■ Listed records ■

(* Let $\mathbb{X}$ be a finite quantum set, let $n\in\mathbb{N}$ and let $\mathcal{G}_i=(\mathbb{X},A_i)$, $i=1,\dots,n$, be directed regular quantum graphs without loops on $\mathbb{X}$. Then there exists a directed quantum graph $\mathcal{G}=(\mathbb{X}',A')$ such that $\operatorname{Qut}(\mathcal{G})=\bigcap_{i=1}^n\operatorname{Qut}(\mathcal{G}_i)$.
   Context: A finite quantum set $\mathbb{X}$ is a finite-dimensional C*-algebra $C(\mathbb{X})$ with its unique tracial positive functional $\psi$ such that, for $\langle x,y\rangle=\psi(x^*y)$ on $\ell^2(\mathbb{X}):=C(\mathbb{X})$, the multiplication $m$ satisfies $mm^*=\mathrm{id}$; $\eta$ denotes the unit of $C(\mathbb{X})$. For linear maps on $\ell^2(\mathbb{X})$: $A\bullet B=m(A\otimes B)m^*$, $\bar Af=(A(f^* ))^*$. A directed quantum graph is $(\mathbb{X},A)$ with $A\bullet A=A=\bar A$; it has no loops if $A\bullet I=0$; it is $d$-regular if $A\eta=A^*\eta=d\eta$, and regular if $d$-regular for some $d$. $\operatorname{Qut}(\mathbb{X},A)$ is the compact matrix quantum group whose Hopf $*$-algebra is the universal $*$-algebra generated by the entries $u_{ij}$ of a matrix $U$ (in an orthonormal basis of $\ell^2(\mathbb{X})$) subject to $U$ unitary, $m(U\otimes U)=Um$, $U\eta=\eta$, $UA=AU$. For compact matrix quantum groups with fundamental representations of the same size (here all on $\ell^2(\mathbb{X})$), the intersection is given by the universal $*$-algebra generated by $u_{ij}$ subject to the relations of all of them. Equality of quantum automorphism groups is understood as isomorphism of compact quantum groups. *)

theory Defs
  imports Complex_Main
begin

section \<open>Noncommutative polynomials (free algebra) and generated *-ideals\<close>

text \<open>A noncommutative polynomial over a letter type 'l is a finitely supported
  function from words (lists of letters) to complex coefficients.\<close>

type_synonym 'l ncp = "'l list \<Rightarrow> complex"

■ What you should do ■
Scan the listing above, and wherever a line holds the word "generated", copy it.

■ Problem solution ■
   Context: A finite quantum set $\mathbb{X}$ is a finite-dimensional C*-algebra $C(\mathbb{X})$ with its unique tracial positive functional $\psi$ such that, for $\langle x,y\rangle=\psi(x^*y)$ on $\ell^2(\mathbb{X}):=C(\mathbb{X})$, the multiplication $m$ satisfies $mm^*=\mathrm{id}$; $\eta$ denotes the unit of $C(\mathbb{X})$. For linear maps on $\ell^2(\mathbb{X})$: $A\bullet B=m(A\otimes B)m^*$, $\bar Af=(A(f^* ))^*$. A directed quantum graph is $(\mathbb{X},A)$ with $A\bullet A=A=\bar A$; it has no loops if $A\bullet I=0$; it is $d$-regular if $A\eta=A^*\eta=d\eta$, and regular if $d$-regular for some $d$. $\operatorname{Qut}(\mathbb{X},A)$ is the compact matrix quantum group whose Hopf $*$-algebra is the universal $*$-algebra generated by the entries $u_{ij}$ of a matrix $U$ (in an orthonormal basis of $\ell^2(\mathbb{X})$) subject to $U$ unitary, $m(U\otimes U)=Um$, $U\eta=\eta$, $UA=AU$. For compact matrix quantum groups with fundamental representations of the same size (here all on $\ell^2(\mathbb{X})$), the intersection is given by the universal $*$-algebra generated by $u_{ij}$ subject to the relations of all of them. Equality of quantum automorphism groups is understood as isomorphism of compact quantum groups. *)
section \<open>Noncommutative polynomials (free algebra) and generated *-ideals\<close>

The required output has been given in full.